(* There exists an optimal threshold-type age-dependent policy $\phi^*$ of the MDP $\Lambda$ whose action order $(b_1,\dots,b_K)$ satisfies $Q_{b_k}\le Q_{b_{k+1}}$ for all $1\le k<K$; equivalently, $s\mapsto Q_{\phi^*(s)}$ is nondecreasing in the state $s$.
   Context: Fix $N\in\mathbb{N}^+$ vehicle types $\mathcal{N}=\{1,\dots,N\}$ with arrival probabilities $p_n\in(0,1]$, mean operational costs $c_n\ge0$ and mean sensing capabilities $r_n\in(0,1]$. Fix $\beta\in(0,1)$, $\epsilon>0$. Actions: $\mathcal{A}=2^{\mathcal{N}}$. Success probability $Q_\emptyset=0$, $Q_a=1-\prod_{n\in a}(1-r_np_n)$; expected recruitment cost $E_a=\sum_{n\in a}p_nc_n$. Immediate cost at state $\delta\in\mathbb{N}^+$: $u(\delta,a)=(1-\beta)E_a-\beta\epsilon\big(Q_a(\delta^2+2\delta)-(1+\delta)^2\big)$. MDP $\Lambda$: states $\mathbb{N}^+$; from state $s$ under action $a$ move to $1$ w.p. $Q_a$ and to $s+1$ w.p. $1-Q_a$; average cost $V(\phi)=\limsup_{T\to\infty}\frac1T\mathbb{E}^\phi[\sum_{t=1}^Tu(S(t),A(t))]$, $S(1)=1$, to be minimized. A threshold-type age-dependent policy is a deterministic stationary policy $\phi:\mathbb{N}^+\to\mathcal{A}$ for which there are $K\in\mathbb{N}^+$, an action order $(b_1,\dots,b_K)$ of actions with $b_k\ne b_{k+1}$, and integer thresholds $1\le\theta_{b_1\to b_2}\le\dots\le\theta_{b_{K-1}\to b_K}$ such that $\phi(s)=b_k$ for $\theta_{b_{k-1}\to b_k}\le s<\theta_{b_k\to b_{k+1}}$ (with the conventions $\theta_{b_0\to b_1}=1$, $\theta_{b_K\to b_{K+1}}=\infty$). *)

theory Defs
  imports "HOL-Probability.Probability"
begin

text \<open>Vehicle types are 1..N; an action is a subset of {1..N}; states are positive naturals.\<close>

definition succ_prob :: "(nat \<Rightarrow> real) \<Rightarrow> (nat \<Rightarrow> real) \<Rightarrow> nat set \<Rightarrow> real" where
  "succ_prob p r a = 1 - (\<Prod>n\<in>a. 1 - r n * p n)"

definition recruit_cost :: "(nat \<Rightarrow> real) \<Rightarrow> (nat \<Rightarrow> real) \<Rightarrow> nat set \<Rightarrow> real" where
  "recruit_cost p c a = (\<Sum>n\<in>a. p n * c n)"

definition imm_cost ::
  "(nat \<Rightarrow> real) \<Rightarrow> (nat \<Rightarrow> real) \<Rightarrow> (nat \<Rightarrow> real) \<Rightarrow> real \<Rightarrow> real \<Rightarrow> nat \<Rightarrow> nat set \<Rightarrow> real" where
  "imm_cost p c r \<beta> \<epsilon> \<delta> a =
     (1 - \<beta>) * recruit_cost p c a
     - \<beta> * \<epsilon> * (succ_prob p r a * (real \<delta> ^ 2 + 2 * real \<delta>) - (1 + real \<delta>) ^ 2)"

definition trans_pmf :: "(nat \<Rightarrow> real) \<Rightarrow> (nat \<Rightarrow> real) \<Rightarrow> nat \<Rightarrow> nat set \<Rightarrow> nat pmf" where
  "trans_pmf p r s a = map_pmf (\<lambda>b. if b then 1 else Suc s) (bernoulli_pmf (succ_prob p r a))"

type_synonym policy = "(nat \<times> nat set) list \<Rightarrow> nat \<Rightarrow> nat set pmf"

definition admissible :: "nat \<Rightarrow> policy \<Rightarrow> bool" where
  "admissible N \<pi> \<longleftrightarrow> (\<forall>h s. set_pmf (\<pi> h s) \<subseteq> Pow {1..N})"

text \<open>Distribution of (history, current state) at time t+1; S(1) = 1.\<close>
primrec hist :: "(nat \<Rightarrow> real) \<Rightarrow> (nat \<Rightarrow> real) \<Rightarrow> policy \<Rightarrow> nat \<Rightarrow> ((nat \<times> nat set) list \<times> nat) pmf" where
  "hist p r \<pi> 0 = return_pmf ([], 1)"
| "hist p r \<pi> (Suc t) =
     bind_pmf (hist p r \<pi> t) (\<lambda>(h, s). bind_pmf (\<pi> h s)
       (\<lambda>a. map_pmf (\<lambda>s'. (h @ [(s, a)], s')) (trans_pmf p r s a)))"

definition exp_cost ::
  "(nat \<Rightarrow> real) \<Rightarrow> (nat \<Rightarrow> real) \<Rightarrow> (nat \<Rightarrow> real) \<Rightarrow> real \<Rightarrow> real \<Rightarrow> policy \<Rightarrow> nat \<Rightarrow> real" where
  "exp_cost p c r \<beta> \<epsilon> \<pi> t =
     measure_pmf.expectation (bind_pmf (hist p r \<pi> t) (\<lambda>(h, s). map_pmf (\<lambda>a. (s, a)) (\<pi> h s)))
       (\<lambda>(s, a). imm_cost p c r \<beta> \<epsilon> s a)"

definition avg_cost ::
  "(nat \<Rightarrow> real) \<Rightarrow> (nat \<Rightarrow> real) \<Rightarrow> (nat \<Rightarrow> real) \<Rightarrow> real \<Rightarrow> real \<Rightarrow> policy \<Rightarrow> ereal" where
  "avg_cost p c r \<beta> \<epsilon> \<pi> =
     limsup (\<lambda>T. ereal ((\<Sum>t<T. exp_cost p c r \<beta> \<epsilon> \<pi> t) / real T))"

definition det_policy :: "(nat \<Rightarrow> nat set) \<Rightarrow> policy" where
  "det_policy \<phi> = (\<lambda>h s. return_pmf (\<phi> s))"

text \<open>Threshold-type age-dependent policy with action order b 1, ..., b K and
  thresholds theta k = theta_{b_(k-1) -> b_k} (k = 2..K), theta 1 = 1,
  theta (K+1) = infinity.\<close>
definition threshold_policy ::
  "nat \<Rightarrow> (nat \<Rightarrow> nat set) \<Rightarrow> nat \<Rightarrow> (nat \<Rightarrow> nat set) \<Rightarrow> (nat \<Rightarrow> nat) \<Rightarrow> bool" where
  "threshold_policy N \<phi> K b \<theta> \<longleftrightarrow>
     K \<ge> 1
   \<and> (\<forall>k\<in>{1..K}. b k \<subseteq> {1..N})
   \<and> (\<forall>k. 1 \<le> k \<and> k < K \<longrightarrow> b k \<noteq> b (Suc k))
   \<and> \<theta> 1 = 1
   \<and> (\<forall>k. 1 \<le> k \<and> k < K \<longrightarrow> \<theta> k \<le> \<theta> (Suc k))
   \<and> (\<forall>k\<in>{1..K}. \<forall>s \<ge> 1. \<theta> k \<le> s \<and> (k < K \<longrightarrow> s < \<theta> (Suc k)) \<longrightarrow> \<phi> s = b k)"

end

(*
  The immediate cost is u(s, a) = C a + beta eps (1 - Q a) w s with w s = s^2 + 2 s, and a success
  resets the age to 1, so the average-cost optimality equation reads

    g + h s = min_a (C a + (1 - Q a) (beta eps w s + h (s + 1))),    h 1 = 0.

  For large s the continuation value beta eps w s + h (s + 1) dominates, so an action of maximal
  success probability (cheapest among those) is optimal there, and on this tail the equation has
  an explicit quadratic solution. Below a cutoff M the relative value h is computed by backward
  recursion, and the intermediate value theorem fixes the gain g so that h 1 = 0. This h is
  nondecreasing, so the continuation value is strictly increasing in s, and an exchange argument
  shows that the success probability of minimizing actions is nondecreasing in s. The selector is
  constant beyond M, hence a threshold policy with actions ordered by Q. Telescoping the
  optimality equation along the process shows that it attains g, while no admissible policy does
  better: the quadratic growth of h is absorbed by the stage cost, which dominates
  beta eps E (S(t+1)^2 - 1).
*)

theory Submission
  imports Defs
begin

section \<open>Minimizing affine functions and long-run averages\<close>

lemma eventually_least_slope_minimal:
  fixes c m :: "'a \<Rightarrow> real"
  assumes "finite A" "a0 \<in> A" "\<forall>a\<in>A. m a0 \<le> m a" "\<forall>a\<in>A. m a = m a0 \<longrightarrow> c a0 \<le> c a"
  shows "\<exists>x0. \<forall>x\<ge>x0. \<forall>a\<in>A. c a0 + m a0 * x \<le> c a + m a * x"
proof (intro exI allI impI ballI)
  define x0 where "x0 = (\<Sum>a\<in>A. \<bar>(c a0 - c a) / (m a - m a0)\<bar>)"
  fix x a assume "x0 \<le> x" "a \<in> A"
  show "c a0 + m a0 * x \<le> c a + m a * x"
  proof (cases "m a = m a0")
    case False
    then have "0 < m a - m a0" using assms(3) \<open>a \<in> A\<close> by force
    have "(c a0 - c a) / (m a - m a0) \<le> x0"
      unfolding x0_def using assms(1) \<open>a \<in> A\<close>
      by (meson abs_ge_self member_le_sum abs_ge_zero order_trans)
    then have "c a0 - c a \<le> x0 * (m a - m a0)"
      using \<open>0 < m a - m a0\<close> by (simp add: pos_divide_le_eq)
    also have "\<dots> \<le> x * (m a - m a0)"
      using \<open>x0 \<le> x\<close> \<open>0 < m a - m a0\<close> by (simp add: mult_right_mono)
    finally show ?thesis by (simp add: algebra_simps)
  qed (use assms(4) \<open>a \<in> A\<close> in auto)
qed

§ **What you need to do**
Of all the entries above, retype exactly the lines from the line with "success probability (cheapest" to the line with "finally show ?thesis", both included, and no others.

§ **Exercise response**
  success probability (cheapest among those) is optimal there, and on this tail the equation has
  an explicit quadratic solution. Below a cutoff M the relative value h is computed by backward
  recursion, and the intermediate value theorem fixes the gain g so that h 1 = 0. This h is
  nondecreasing, so the continuation value is strictly increasing in s, and an exchange argument
  shows that the success probability of minimizing actions is nondecreasing in s. The selector is
  constant beyond M, hence a threshold policy with actions ordered by Q. Telescoping the
  optimality equation along the process shows that it attains g, while no admissible policy does
  better: the quadratic growth of h is absorbed by the stage cost, which dominates
  beta eps E (S(t+1)^2 - 1).
*)

theory Submission
  imports Defs
begin

section \<open>Minimizing affine functions and long-run averages\<close>

lemma eventually_least_slope_minimal:
  fixes c m :: "'a \<Rightarrow> real"
  assumes "finite A" "a0 \<in> A" "\<forall>a\<in>A. m a0 \<le> m a" "\<forall>a\<in>A. m a = m a0 \<longrightarrow> c a0 \<le> c a"
  shows "\<exists>x0. \<forall>x\<ge>x0. \<forall>a\<in>A. c a0 + m a0 * x \<le> c a + m a * x"
proof (intro exI allI impI ballI)
  define x0 where "x0 = (\<Sum>a\<in>A. \<bar>(c a0 - c a) / (m a - m a0)\<bar>)"
  fix x a assume "x0 \<le> x" "a \<in> A"
  show "c a0 + m a0 * x \<le> c a + m a * x"
  proof (cases "m a = m a0")
    case False
    then have "0 < m a - m a0" using assms(3) \<open>a \<in> A\<close> by force
    have "(c a0 - c a) / (m a - m a0) \<le> x0"
      unfolding x0_def using assms(1) \<open>a \<in> A\<close>
      by (meson abs_ge_self member_le_sum abs_ge_zero order_trans)
    then have "c a0 - c a \<le> x0 * (m a - m a0)"
      using \<open>0 < m a - m a0\<close> by (simp add: pos_divide_le_eq)
    also have "\<dots> \<le> x * (m a - m a0)"
      using \<open>x0 \<le> x\<close> \<open>0 < m a - m a0\<close> by (simp add: mult_right_mono)
    finally show ?thesis by (simp add: algebra_simps)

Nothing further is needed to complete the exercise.